## Provided data

(* For any sign string $S$ and any state string $J$ of the same length, the web produced by the growth algorithm applied to $(S,J)$ does not depend on the order in which the replacements are performed.
   Context: A sign string is $S=(s_1,\dots,s_n)\in\{+,-\}^n$ and a state string is $J=(j_1,\dots,j_n)\in\{-1,0,1\}^n$. The growth algorithm builds an oriented planar graph downward from $n$ parallel strands (the $k$-th strand oriented upward toward its top endpoint if $s_k=+$ and downward if $s_k=-$), keeping a current pair (sign string, state string) describing the strands hanging at the bottom. A replacement acts on two adjacent positions $k,k+1$ with current signs $(s,s')$ and states $(j,j')$: (a) If $s'\ne s$: if $(j,j')=(1,0)$, $(0,0)$ or $(0,-1)$, attach an "H" (two trivalent vertices joined by a horizontal edge, the left vertex joined to strand $k$ above and to a new strand below, the right vertex likewise for strand $k+1$); the new signs at positions $k,k+1$ are $(s',s)$ and the new states are respectively $(0,1)$, $(-1,1)$, $(-1,0)$. If $(j,j')=(1,-1)$, join the two strands by a cup and delete both positions. (b) If $s'=s$: if $(j,j')=(1,0)$, $(0,-1)$ or $(1,-1)$, attach a "Y" (the two strands meet at a trivalent vertex whose third edge continues downward as a single strand); the two positions are replaced by one position with sign opposite to $s$ and state respectively $1$, $-1$, $0$. All trivalent vertices created are sources or sinks (all edges in or all out), consistently with the orientations. The algorithm repeatedly applies some applicable replacement and stops when none applies; the output is the graph built together with the remaining sign and state strings. *)

theory Defs
  imports Main
begin

(* Signs: True = '+', False = '-'.  States: integers in {-1,0,1}.

   A web is encoded as a combinatorial map (rotation system) on a finite
   set of darts (half-edges), with orientation and boundary labels:
     darts : the set of darts
     wopp  : fixed-point-free involution pairing the two darts of an edge
     wnxt  : permutation whose cycles are the vertices (cyclic
             counterclockwise order of the edges at that vertex)
     wout  : True iff the edge of this dart is oriented away from its vertex
     wlab  : boundary points (univalent vertices) carry a label: the k-th
             top endpoint (0-based) or the i-th bottom endpoint (0-based,
             left to right); internal vertices carry None. *)

datatype bpt = TopPt nat | BotPt nat

record web =
  darts :: "nat set"
  wopp :: "nat \<Rightarrow> nat"
  wnxt :: "nat \<Rightarrow> nat"
  wout :: "nat \<Rightarrow> bool"
  wlab :: "nat \<Rightarrow> bpt option"

(* Two webs are the same (planar isotopy rel boundary) iff there is an
   isomorphism of oriented labelled combinatorial maps. *)
definition web_iso :: "web \<Rightarrow> web \<Rightarrow> bool" where
  "web_iso W1 W2 \<longleftrightarrow> (\<exists>f. bij_betw f (darts W1) (darts W2) \<and>
     (\<forall>d\<in>darts W1. f (wopp W1 d) = wopp W2 (f d) \<and> f (wnxt W1 d) = wnxt W2 (f d)
        \<and> wout W2 (f d) = wout W1 d \<and> wlab W2 (f d) = wlab W1 d))"

(* Configuration of the growth algorithm.  strs is the list of strands
   hanging at the bottom, each given as (current sign, current state,
   dart at the upper end of the strand).  Darts 0..<cnt have been created;
   the partial map is stored in copp/cnxt/cout/clab. *)
record cfg =
  strs :: "(bool \<times> int \<times> nat) list"
  cnt :: nat
  copp :: "nat \<Rightarrow> nat"
  cnxt :: "nat \<Rightarrow> nat"
  cout :: "nat \<Rightarrow> bool"
  clab :: "nat \<Rightarrow> bpt option"

(* Initial configuration: n top endpoints, dart k for the k-th one.
   Strand k oriented upward (toward the top point) iff s_k = +, so the
   edge points away from the top point iff s_k = -. *)
definition ginit :: "bool list \<Rightarrow> int list \<Rightarrow> cfg" where
  "ginit S J = \<lparr> strs = zip S (zip J [0..<length S]), cnt = length S,
     copp = id, cnxt = id, cout = (\<lambda>d. if d < length S then \<not> S ! d else False),
     clab = (\<lambda>d. if d < length S then Some (TopPt d) else None) \<rparr>"

(* One replacement of the growth algorithm at adjacent positions
   k = length xs, k+1.  Counterclockwise rotations:
   Y vertex: upper-right -> upper-left -> down;
   H left vertex: right -> up -> down;  H right vertex: up -> left -> down. *)
inductive gstep :: "cfg \<Rightarrow> cfg \<Rightarrow> bool" where
  H: "strs c = xs @ (s, j, d) # (s', j', d') # ys \<Longrightarrow> s' \<noteq> s \<Longrightarrow>
      (j, j', nj, nj') \<in> {(1, 0, 0, 1), (0, 0, -1, 1), (0, -1, -1, 0)} \<Longrightarrow> N = cnt c \<Longrightarrow>
      gstep c (c\<lparr> strs := xs @ (s', nj, N + 2) # (s, nj', N + 5) # ys,
                  cnt := N + 6,
                  copp := (copp c)(d := N, N := d, d' := N + 3, N + 3 := d',
                                   N + 1 := N + 4, N + 4 := N + 1),
                  cnxt := (cnxt c)(N + 1 := N, N := N + 2, N + 2 := N + 1,
                                   N + 3 := N + 4, N + 4 := N + 5, N + 5 := N + 3),
                  cout := (cout c)(N := s, N + 1 := s, N + 2 := s,
                                   N + 3 := s', N + 4 := s', N + 5 := s'),
                  clab := (clab c)(N := None, N + 1 := None, N + 2 := None,
                                   N + 3 := None, N + 4 := None, N + 5 := None) \<rparr>)"
| Cup: "strs c = xs @ (s, j, d) # (s', j', d') # ys \<Longrightarrow> s' \<noteq> s \<Longrightarrow>
      (j, j') = (1, -1) \<Longrightarrow>
      gstep c (c\<lparr> strs := xs @ ys, copp := (copp c)(d := d', d' := d) \<rparr>)"
| Y: "strs c = xs @ (s, j, d) # (s', j', d') # ys \<Longrightarrow> s' = s \<Longrightarrow>
      (j, j', nj) \<in> {(1, 0, 1), (0, -1, -1), (1, -1, 0)} \<Longrightarrow> N = cnt c \<Longrightarrow>
      gstep c (c\<lparr> strs := xs @ (\<not> s, nj, N + 2) # ys,
                  cnt := N + 3,
                  copp := (copp c)(d := N, N := d, d' := N + 1, N + 1 := d'),
                  cnxt := (cnxt c)(N + 1 := N, N := N + 2, N + 2 := N + 1),
                  cout := (cout c)(N := s, N + 1 := s, N + 2 := s),
                  clab := (clab c)(N := None, N + 1 := None, N + 2 := None) \<rparr>)"

definition gfinal :: "cfg \<Rightarrow> bool" where
  "gfinal c \<longleftrightarrow> \<not> (\<exists>c'. gstep c c')"

definition close_web :: "cfg \<Rightarrow> web" where
  "close_web c = (let N = cnt c; m = length (strs c) in
     foldr (\<lambda>(i, (s, j, d)) W.
              W\<lparr> wopp := (wopp W)(d := N + i, N + i := d),
                  wnxt := (wnxt W)(N + i := N + i),
                  wout := (wout W)(N + i := s),
                  wlab := (wlab W)(N + i := Some (BotPt i)) \<rparr>)
           (zip [0..<m] (strs c))
           \<lparr> darts = {..<N + m}, wopp = copp c, wnxt = cnxt c,
             wout = cout c, wlab = clab c \<rparr>)"

end

theory Submission
  imports Defs
begin

(* The growth algorithm is a rewriting system on configurations (the hanging strands together
   with the partial combinatorial map built so far).  Different orders of replacements give
   isomorphic rather than equal maps, because new darts are named by a counter, so the claim is
   uniqueness of normal forms up to renaming darts.  Newman's lemma, in a version modulo such an
   equivalence, reduces this to termination and local confluence.  Termination: a cup or a Y
   shortens the list of strands, and an H keeps its length but raises the weighted state sum
   Sum_k k * j_k by exactly one, which is bounded by the square of the length.  Local
   confluence: every replacement attaches a gadget, with its own block of new darts, to two
   adjacent strands.  Replacements at disjoint positions commute up to swapping the two blocks,
   and each of the four ways in which two replacements overlap (YY, YH, HH, HY) is closed by one
   further replacement on either side, after which the configurations agree up to a permutation
   of the new darts.  Finally, isomorphic configurations close up to isomorphic webs. *)

section \<open>Newman's lemma modulo an equivalence\<close>

(* equiv need only be symmetric on inv-states: an isomorphism of configurations can be inverted
   only when copp and cnxt map the darts below cnt into themselves. *)
locale terminating_modulo =
  fixes step :: "'a \<Rightarrow> 'a \<Rightarrow> bool" and equiv :: "'a \<Rightarrow> 'a \<Rightarrow> bool" and inv :: "'a \<Rightarrow> bool"
  assumes wf_step: "wf {(y, x). inv x \<and> step x y}"
    and inv_step: "step x y \<Longrightarrow> inv x \<Longrightarrow> inv y"
    and equiv_refl: "equiv x x"
    and equiv_sym: "inv x \<Longrightarrow> equiv x y \<Longrightarrow> equiv y x"
    and equiv_trans: "equiv x y \<Longrightarrow> equiv y z \<Longrightarrow> equiv x z"
    and step_equiv: "inv x \<Longrightarrow> inv x' \<Longrightarrow> equiv x x' \<Longrightarrow> step x y \<Longrightarrow> \<exists>y'. step x' y' \<and> equiv y y'"
    and local_confluence:
      "inv x \<Longrightarrow> step x y \<Longrightarrow> step x z \<Longrightarrow> \<exists>y' z'. step\<^sup>*\<^sup>* y y' \<and> step\<^sup>*\<^sup>* z z' \<and> equiv y' z'"
begin

definition normal :: "'a \<Rightarrow> bool" where
  "normal x \<longleftrightarrow> (\<nexists>y. step x y)"

lemma inv_steps: "step\<^sup>*\<^sup>* x y \<Longrightarrow> inv x \<Longrightarrow> inv y"
  by (induction rule: rtranclp_induct) (auto intro: inv_step)

lemma normal_form_exists: "inv x \<Longrightarrow> \<exists>n. step\<^sup>*\<^sup>* x n \<and> normal n"
proof (induction x rule: wf_induct_rule[OF wf_step])
  case (1 x)
  show ?case
  proof (cases "normal x")
    case False
    then obtain y where y: "step x y" by (auto simp: normal_def)
    then obtain n where "step\<^sup>*\<^sup>* y n" "normal n" using 1 inv_step by blast
    then show ?thesis using y by (meson converse_rtranclp_into_rtranclp)
  qed blast
qed

lemma steps_equiv:
  "step\<^sup>*\<^sup>* x y \<Longrightarrow> inv x \<Longrightarrow> inv x' \<Longrightarrow> equiv x x' \<Longrightarrow> \<exists>y'. step\<^sup>*\<^sup>* x' y' \<and> equiv y y'"
proof (induction arbitrary: x' rule: converse_rtranclp_induct)
  case (step x z)
  obtain z' where z': "step x' z'" "equiv z z'" using step_equiv step.hyps(1) step.prems by blast
  then obtain y' where "step\<^sup>*\<^sup>* z' y'" "equiv y y'"
    using step.IH inv_step step.hyps(1) step.prems by blast
  then show ?case using z'(1) by (meson converse_rtranclp_into_rtranclp)
qed blast

lemma normal_equiv: "inv x \<Longrightarrow> inv x' \<Longrightarrow> equiv x x' \<Longrightarrow> normal x \<Longrightarrow> normal x'"
  unfolding normal_def using step_equiv equiv_sym by blast

lemma steps_from_normal: "step\<^sup>*\<^sup>* x y \<Longrightarrow> normal x \<Longrightarrow> y = x"
  by (auto simp: normal_def elim: converse_rtranclpE)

## Exercise requirements
In the material above, how many lines include the string "noteq"? State the number alone.

## Answer area
2